▶ _Task item_: Those lines of the records that contain "close" are to be located and copied.

▶ _Stored data_:
....................

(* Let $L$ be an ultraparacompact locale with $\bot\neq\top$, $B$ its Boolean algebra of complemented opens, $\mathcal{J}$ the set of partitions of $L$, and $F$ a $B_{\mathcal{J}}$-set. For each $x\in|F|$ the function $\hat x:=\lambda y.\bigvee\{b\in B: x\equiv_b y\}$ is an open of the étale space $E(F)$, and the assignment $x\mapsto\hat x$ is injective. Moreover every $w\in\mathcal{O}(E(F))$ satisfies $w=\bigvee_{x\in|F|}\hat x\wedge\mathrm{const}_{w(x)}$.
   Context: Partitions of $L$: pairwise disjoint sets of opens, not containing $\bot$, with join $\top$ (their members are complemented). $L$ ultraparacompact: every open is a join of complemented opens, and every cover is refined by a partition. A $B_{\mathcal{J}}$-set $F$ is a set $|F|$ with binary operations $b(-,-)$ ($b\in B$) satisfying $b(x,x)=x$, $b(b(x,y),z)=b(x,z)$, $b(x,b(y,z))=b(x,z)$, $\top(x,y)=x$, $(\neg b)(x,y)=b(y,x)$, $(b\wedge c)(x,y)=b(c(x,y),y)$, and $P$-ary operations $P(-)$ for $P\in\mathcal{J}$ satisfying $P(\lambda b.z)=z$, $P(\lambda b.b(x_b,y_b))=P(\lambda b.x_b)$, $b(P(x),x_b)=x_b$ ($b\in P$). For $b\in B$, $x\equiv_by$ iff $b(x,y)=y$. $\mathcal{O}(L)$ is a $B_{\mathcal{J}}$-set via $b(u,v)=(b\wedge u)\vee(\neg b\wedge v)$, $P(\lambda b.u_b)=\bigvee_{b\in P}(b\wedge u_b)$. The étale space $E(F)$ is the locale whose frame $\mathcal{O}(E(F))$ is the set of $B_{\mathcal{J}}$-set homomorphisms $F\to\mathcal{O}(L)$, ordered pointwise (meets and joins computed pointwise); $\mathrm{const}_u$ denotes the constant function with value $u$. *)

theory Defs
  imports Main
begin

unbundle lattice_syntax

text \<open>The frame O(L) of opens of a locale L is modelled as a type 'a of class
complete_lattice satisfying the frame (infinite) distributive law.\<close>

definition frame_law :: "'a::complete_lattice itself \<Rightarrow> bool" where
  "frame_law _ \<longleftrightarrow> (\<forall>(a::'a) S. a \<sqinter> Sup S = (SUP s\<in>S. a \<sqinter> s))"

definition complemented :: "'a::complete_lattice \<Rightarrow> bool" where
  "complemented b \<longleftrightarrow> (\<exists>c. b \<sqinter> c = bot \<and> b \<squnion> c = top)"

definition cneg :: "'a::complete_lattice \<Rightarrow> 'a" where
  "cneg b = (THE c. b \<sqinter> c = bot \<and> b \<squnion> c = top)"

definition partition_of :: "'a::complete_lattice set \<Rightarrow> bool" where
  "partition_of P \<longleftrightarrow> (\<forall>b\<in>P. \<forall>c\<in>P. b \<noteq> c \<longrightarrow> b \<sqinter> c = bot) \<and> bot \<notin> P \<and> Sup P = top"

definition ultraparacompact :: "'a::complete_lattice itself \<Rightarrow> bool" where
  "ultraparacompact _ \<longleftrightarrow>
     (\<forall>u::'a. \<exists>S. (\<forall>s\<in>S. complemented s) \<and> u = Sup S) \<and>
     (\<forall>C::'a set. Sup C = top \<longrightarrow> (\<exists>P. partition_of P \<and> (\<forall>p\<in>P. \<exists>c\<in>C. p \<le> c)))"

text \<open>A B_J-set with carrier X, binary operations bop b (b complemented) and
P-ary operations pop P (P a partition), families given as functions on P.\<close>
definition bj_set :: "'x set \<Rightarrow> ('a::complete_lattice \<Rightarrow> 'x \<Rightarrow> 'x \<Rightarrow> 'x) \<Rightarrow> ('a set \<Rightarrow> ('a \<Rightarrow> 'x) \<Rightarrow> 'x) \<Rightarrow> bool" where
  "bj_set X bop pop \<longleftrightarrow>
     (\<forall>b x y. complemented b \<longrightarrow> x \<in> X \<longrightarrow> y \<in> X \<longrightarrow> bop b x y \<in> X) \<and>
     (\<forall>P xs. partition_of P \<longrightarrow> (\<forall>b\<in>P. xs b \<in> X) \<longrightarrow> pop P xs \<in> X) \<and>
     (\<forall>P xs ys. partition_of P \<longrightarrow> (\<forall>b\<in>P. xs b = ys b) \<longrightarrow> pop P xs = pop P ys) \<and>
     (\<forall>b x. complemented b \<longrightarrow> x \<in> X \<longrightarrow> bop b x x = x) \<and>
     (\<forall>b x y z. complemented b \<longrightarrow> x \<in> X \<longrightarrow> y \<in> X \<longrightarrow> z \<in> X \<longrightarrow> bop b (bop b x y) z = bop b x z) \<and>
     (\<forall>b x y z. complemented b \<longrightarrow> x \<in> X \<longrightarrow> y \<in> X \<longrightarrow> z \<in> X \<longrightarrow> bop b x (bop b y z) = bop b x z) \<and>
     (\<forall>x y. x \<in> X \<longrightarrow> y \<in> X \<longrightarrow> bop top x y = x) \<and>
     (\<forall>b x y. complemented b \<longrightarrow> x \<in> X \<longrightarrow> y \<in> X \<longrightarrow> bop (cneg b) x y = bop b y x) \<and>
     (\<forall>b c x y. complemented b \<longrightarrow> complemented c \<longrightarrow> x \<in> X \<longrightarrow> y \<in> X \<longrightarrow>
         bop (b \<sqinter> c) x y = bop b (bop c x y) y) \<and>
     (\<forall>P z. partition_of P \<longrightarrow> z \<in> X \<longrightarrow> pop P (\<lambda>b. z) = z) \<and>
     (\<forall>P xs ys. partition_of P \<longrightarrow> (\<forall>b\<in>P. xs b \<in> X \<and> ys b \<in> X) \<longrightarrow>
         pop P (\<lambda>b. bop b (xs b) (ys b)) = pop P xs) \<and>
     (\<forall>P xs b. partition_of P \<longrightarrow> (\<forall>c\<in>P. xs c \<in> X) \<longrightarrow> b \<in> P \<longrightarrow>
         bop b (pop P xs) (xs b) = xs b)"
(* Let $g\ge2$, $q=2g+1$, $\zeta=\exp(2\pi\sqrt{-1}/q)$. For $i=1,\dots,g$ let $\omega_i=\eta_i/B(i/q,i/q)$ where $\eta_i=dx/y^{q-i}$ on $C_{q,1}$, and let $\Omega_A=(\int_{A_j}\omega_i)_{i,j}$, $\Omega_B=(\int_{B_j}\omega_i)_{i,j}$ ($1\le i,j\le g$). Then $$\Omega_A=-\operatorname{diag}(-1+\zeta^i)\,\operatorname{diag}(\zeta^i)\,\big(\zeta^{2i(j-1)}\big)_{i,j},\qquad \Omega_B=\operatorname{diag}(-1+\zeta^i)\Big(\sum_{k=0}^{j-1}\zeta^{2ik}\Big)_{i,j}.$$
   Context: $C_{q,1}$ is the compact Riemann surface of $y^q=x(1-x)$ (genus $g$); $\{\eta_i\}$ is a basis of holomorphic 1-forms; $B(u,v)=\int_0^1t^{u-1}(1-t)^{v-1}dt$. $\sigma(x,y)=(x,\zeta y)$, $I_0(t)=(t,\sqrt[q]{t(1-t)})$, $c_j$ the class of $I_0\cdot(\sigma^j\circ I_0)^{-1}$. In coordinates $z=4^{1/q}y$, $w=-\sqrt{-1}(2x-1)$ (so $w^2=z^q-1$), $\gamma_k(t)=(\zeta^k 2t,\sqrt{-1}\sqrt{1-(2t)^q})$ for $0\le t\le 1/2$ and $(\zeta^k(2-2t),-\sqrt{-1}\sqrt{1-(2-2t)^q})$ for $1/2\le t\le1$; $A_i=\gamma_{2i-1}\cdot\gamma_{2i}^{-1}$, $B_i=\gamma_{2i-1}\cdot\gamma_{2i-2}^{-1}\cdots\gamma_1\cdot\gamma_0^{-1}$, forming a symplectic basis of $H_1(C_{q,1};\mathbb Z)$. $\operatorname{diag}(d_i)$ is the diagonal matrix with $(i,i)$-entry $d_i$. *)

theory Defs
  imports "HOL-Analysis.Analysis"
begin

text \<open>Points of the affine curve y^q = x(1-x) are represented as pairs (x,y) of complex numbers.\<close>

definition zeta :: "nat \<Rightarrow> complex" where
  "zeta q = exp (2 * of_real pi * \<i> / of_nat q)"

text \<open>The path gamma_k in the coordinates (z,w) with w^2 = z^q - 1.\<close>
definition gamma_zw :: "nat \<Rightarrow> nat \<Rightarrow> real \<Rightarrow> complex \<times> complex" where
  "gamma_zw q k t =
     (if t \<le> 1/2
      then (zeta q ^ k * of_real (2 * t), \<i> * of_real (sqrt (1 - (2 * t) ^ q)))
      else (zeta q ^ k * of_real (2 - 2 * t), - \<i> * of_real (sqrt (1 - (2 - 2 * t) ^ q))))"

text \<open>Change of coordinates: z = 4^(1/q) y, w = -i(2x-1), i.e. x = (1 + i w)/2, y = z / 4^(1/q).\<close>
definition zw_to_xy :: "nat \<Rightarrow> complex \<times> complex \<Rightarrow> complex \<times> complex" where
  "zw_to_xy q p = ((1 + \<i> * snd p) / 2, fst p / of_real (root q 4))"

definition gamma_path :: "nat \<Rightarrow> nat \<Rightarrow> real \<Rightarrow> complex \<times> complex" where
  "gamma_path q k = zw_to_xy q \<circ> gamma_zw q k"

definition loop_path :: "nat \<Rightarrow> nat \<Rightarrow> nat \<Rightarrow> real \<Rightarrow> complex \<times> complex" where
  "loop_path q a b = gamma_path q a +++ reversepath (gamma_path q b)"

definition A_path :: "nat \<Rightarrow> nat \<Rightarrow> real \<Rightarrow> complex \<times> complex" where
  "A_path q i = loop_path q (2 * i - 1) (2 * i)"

....................

▶ _Result of the task_:
complete_lattice satisfying the frame (infinite) distributive law.\<close>
P-ary operations pop P (P a partition), families given as functions on P.\<close>
text \<open>Points of the affine curve y^q = x(1-x) are represented as pairs (x,y) of complex numbers.\<close>
text \<open>The path gamma_k in the coordinates (z,w) with w^2 = z^q - 1.\<close>
text \<open>Change of coordinates: z = 4^(1/q) y, w = -i(2x-1), i.e. x = (1 + i w)/2, y = z / 4^(1/q).\<close>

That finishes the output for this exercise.